Problem statement:
Lines with the word "define" in them are the ones to copy from the records.

Entries supplied:
(* Let $X$ be a real vector space and let $\{x_i\}_{i\in I}$ be an algebraic (Hamel) basis of $X$. Then $0\notin cl_c(\{x_i\}_{i\in I})$.
   Context: For $A\subseteq X$, $cor(A):=\{x\in A:\ \forall x'\in X\ \exists \lambda'>0 \text{ with } x+\lambda x'\in A\ \forall\lambda\in[0,\lambda']\}$. The core convex topology $\tau_c$ on $X$ is the topology whose open sets are the unions of families of convex sets $B\subseteq X$ with $cor(B)=B$; $cl_c$ denotes closure in $\tau_c$. *)

theory Defs
  imports "HOL-Analysis.Analysis"
begin

definition cor :: "'a::real_vector set \<Rightarrow> 'a set" where
  "cor A = {x \<in> A. \<forall>x'. \<exists>l'>0. \<forall>l\<in>{0..l'}. x + l *\<^sub>R x' \<in> A}"

definition core_convex_topology :: "'a::real_vector topology" where
  "core_convex_topology =
     topology (\<lambda>U. \<exists>F. (\<forall>B\<in>F. convex B \<and> cor B = B) \<and> U = \<Union>F)"

definition cl_c :: "'a::real_vector set \<Rightarrow> 'a set" where
  "cl_c A = core_convex_topology closure_of A"

end

theory Submission
  imports Defs
begin

text \<open>The \<open>\<ell>\<^sup>1\<close>-norm of the coordinates with respect to the basis is a norm on \<open>X\<close> whose
  open unit ball is convex and algebraically open, hence open in the core convex topology.
  It contains \<open>0\<close>, while every basis vector has norm exactly \<open>1\<close>.\<close>

lemma cor_subset: "cor A \<subseteq> A"
  unfolding cor_def by auto

lemma cor_Int: "cor (A \<inter> C) = cor A \<inter> cor C"
proof
  show "cor (A \<inter> C) \<subseteq> cor A \<inter> cor C"
    unfolding cor_def by blast
  show "cor A \<inter> cor C \<subseteq> cor (A \<inter> C)"
  proof
    fix x assume x: "x \<in> cor A \<inter> cor C"
    have "\<exists>l'>0. \<forall>l\<in>{0..l'}. x + l *\<^sub>R x' \<in> A \<inter> C" for x'
    proof -
      obtain l1 where "l1 > 0" "\<forall>l\<in>{0..l1}. x + l *\<^sub>R x' \<in> A"
        using x unfolding cor_def by blast
      moreover obtain l2 where "l2 > 0" "\<forall>l\<in>{0..l2}. x + l *\<^sub>R x' \<in> C"
        using x unfolding cor_def by blast
      ultimately show ?thesis
        by (intro exI[of _ "min l1 l2"]) auto
    qed
    then show "x \<in> cor (A \<inter> C)"
      using x cor_subset unfolding cor_def by blast
  qed
qed

lemma istopology_core_convex:
  "istopology (\<lambda>U::'a::real_vector set. \<exists>F. (\<forall>B\<in>F. convex B \<and> cor B = B) \<and> U = \<Union>F)"
  (is "istopology ?open")
  unfolding istopology_def
proof (intro conjI allI impI)
  fix S T assume "?open S" "?open T"
  then obtain F G where F: "\<forall>B\<in>F. convex B \<and> cor B = B" "S = \<Union>F"
    and G: "\<forall>B\<in>G. convex B \<and> cor B = B" "T = \<Union>G" by blast
  let ?H = "{A \<inter> C | A C. A \<in> F \<and> C \<in> G}"
  have "\<forall>D\<in>?H. convex D \<and> cor D = D"
    using F(1) G(1) by (auto simp: cor_Int convex_Int)
  moreover have "S \<inter> T = \<Union>?H"
    unfolding F(2) G(2) by blast
  ultimately show "?open (S \<inter> T)" by blast
next
  fix K assume "\<forall>U\<in>K. ?open U"
  then obtain f where f_open: "\<And>U B. U \<in> K \<Longrightarrow> B \<in> f U \<Longrightarrow> convex B \<and> cor B = B"
    and f_Union: "\<And>U. U \<in> K \<Longrightarrow> \<Union>(f U) = U"
    by metis
  have "\<Union>(\<Union>(f ` K)) = (\<Union>U\<in>K. \<Union>(f U))"
    by blast
  also have "\<dots> = \<Union>K"
    by (simp add: f_Union)
  finally show "?open (\<Union>K)"
    using f_open by (intro exI[of _ "\<Union>(f ` K)"]) auto
qed

lemma openin_core_convex_topologyI:
  assumes "convex U" and "cor U = U"
  shows "openin core_convex_topology U"
  unfolding core_convex_topology_def topology_inverse'[OF istopology_core_convex]
  using assms by (intro exI[of _ "{U}"]) auto

lemma
  fixes p :: "'a::real_vector \<Rightarrow> real"
  assumes nonneg: "\<And>x. p x \<ge> 0"
    and comb: "\<And>a c x y. p (a *\<^sub>R x + c *\<^sub>R y) \<le> \<bar>a\<bar> * p x + \<bar>c\<bar> * p y"
  shows convex_seminorm_ball: "convex {x. p x < 1}"
    and cor_seminorm_ball: "cor {x. p x < 1} = {x. p x < 1}"
proof -
  show "convex {x. p x < 1}"
  proof (rule convexI, unfold mem_Collect_eq)
    fix x y :: 'a and u v :: real
    assume h: "p x < 1" "p y < 1" "0 \<le> u" "0 \<le> v" "u + v = 1"
    have "p (u *\<^sub>R x + v *\<^sub>R y) \<le> u * p x + v * p y"
      using comb[of u x v y] h by simp
    also have "\<dots> < u + v"
    proof (cases "u = 0")
      case True
      then show ?thesis using h by simp
    next
      case False
      then have "u * p x < u"
        using h by simp
      moreover have "v * p y \<le> v"
        using h by (simp add: mult_left_le)
      ultimately show ?thesis by linarith
    qed
    finally show "p (u *\<^sub>R x + v *\<^sub>R y) < 1"
      using h by simp
  qed
  show "cor {x. p x < 1} = {x. p x < 1}"
  proof (rule antisym[OF cor_subset], rule subsetI)
    fix x assume x: "x \<in> {x. p x < 1}"
    have "\<exists>l'>0. \<forall>l\<in>{0..l'}. x + l *\<^sub>R x' \<in> {x. p x < 1}" for x'
    proof -
      define l' where "l' = (1 - p x) / (p x' + 1)"
      have pos: "p x' + 1 > 0"
        using nonneg[of x'] by simp
      have "l' > 0"
        using x pos unfolding l'_def by simp
      moreover have "p (x + l *\<^sub>R x') < 1" if l: "l \<in> {0..l'}" for l
      proof -
        have "p (1 *\<^sub>R x + l *\<^sub>R x') \<le> p x + l * p x'"
          using comb[of 1 x l x'] l by simp
        also have "\<dots> \<le> p x + l' * p x'"
          using l nonneg[of x'] by (simp add: mult_right_mono)
        also have "\<dots> < p x + l' * (p x' + 1)"
          using \<open>l' > 0\<close> by simp
        also have "\<dots> = 1"
          using pos unfolding l'_def by simp
        finally show ?thesis by simp
      qed
      ultimately show ?thesis by auto
    qed
    then show "x \<in> cor {x. p x < 1}"
      using x unfolding cor_def by auto
  qed
qed

definition coord_norm :: "'a::real_vector set \<Rightarrow> 'a \<Rightarrow> real" where
  "coord_norm B x = (\<Sum>b\<in>{b. representation B x b \<noteq> 0}. \<bar>representation B x b\<bar>)"

lemma coord_norm_eq_sum:
  assumes "finite S" and "{b. representation B x b \<noteq> 0} \<subseteq> S"
  shows "coord_norm B x = (\<Sum>b\<in>S. \<bar>representation B x b\<bar>)"
  unfolding coord_norm_def using assms by (intro sum.mono_neutral_left) auto

lemma coord_norm_nonneg: "coord_norm B x \<ge> 0"
  unfolding coord_norm_def by (rule sum_nonneg) auto

lemma coord_norm_zero [simp]: "coord_norm B 0 = 0"
  by (simp add: coord_norm_def representation_zero)

lemma coord_norm_basis:
  assumes "independent B" and "b \<in> B"
  shows "coord_norm B b = 1"
proof -
  have "{v. representation B b v \<noteq> 0} = {b}"
    using representation_basis[OF assms] by auto
  then show ?thesis
    unfolding coord_norm_def using representation_basis[OF assms] by simp
qed

lemma coord_norm_comb:
  fixes B :: "'a::real_vector set"
  assumes "independent B" and "span B = UNIV"
  shows "coord_norm B (a *\<^sub>R x + c *\<^sub>R y) \<le> \<bar>a\<bar> * coord_norm B x + \<bar>c\<bar> * coord_norm B y"
proof -
  let ?r = "representation B"
  define S where "S = {b. ?r x b \<noteq> 0} \<union> {b. ?r y b \<noteq> 0}"
  have S: "finite S"
    unfolding S_def by (simp add: finite_representation)
  have r: "?r (a *\<^sub>R x + c *\<^sub>R y) = (\<lambda>b. a * ?r x b + c * ?r y b)"
    using assms by (simp add: representation_add representation_scale)
  have "{b. ?r (a *\<^sub>R x + c *\<^sub>R y) b \<noteq> 0} \<subseteq> S"
    unfolding r S_def by auto
  from coord_norm_eq_sum[OF S this]
  have "coord_norm B (a *\<^sub>R x + c *\<^sub>R y) = (\<Sum>b\<in>S. \<bar>a * ?r x b + c * ?r y b\<bar>)"
    unfolding r .
  also have "\<dots> \<le> (\<Sum>b\<in>S. \<bar>a\<bar> * \<bar>?r x b\<bar> + \<bar>c\<bar> * \<bar>?r y b\<bar>)"
    by (intro sum_mono) (simp add: abs_mult[symmetric] abs_triangle_ineq)
  also have "\<dots> = \<bar>a\<bar> * coord_norm B x + \<bar>c\<bar> * coord_norm B y"
    using coord_norm_eq_sum[OF S, of B x] coord_norm_eq_sum[OF S, of B y]
    by (simp add: sum.distrib sum_distrib_left S_def)
  finally show ?thesis .
qed

theorem lemma3p14:
  fixes B :: "'a::real_vector set"
  assumes "independent B" and "span B = UNIV"
  shows "0 \<notin> cl_c B"
proof -
  define U where "U = {x. coord_norm B x < 1}"
  note seminorm = coord_norm_nonneg coord_norm_comb[OF assms]
  have "openin core_convex_topology U"
    unfolding U_def
    using convex_seminorm_ball[OF seminorm] cor_seminorm_ball[OF seminorm]
    by (rule openin_core_convex_topologyI)
  moreover have "0 \<in> U"
    unfolding U_def by simp
  moreover have "U \<inter> B = {}"
    unfolding U_def using coord_norm_basis[OF assms(1)] by auto
  ultimately show ?thesis
    unfolding cl_c_def in_closure_of by auto
qed

end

Response to the exercise:
      define l' where "l' = (1 - p x) / (p x' + 1)"
  define S where "S = {b. ?r x b \<noteq> 0} \<union> {b. ?r y b \<noteq> 0}"
  define U where "U = {x. coord_norm B x < 1}"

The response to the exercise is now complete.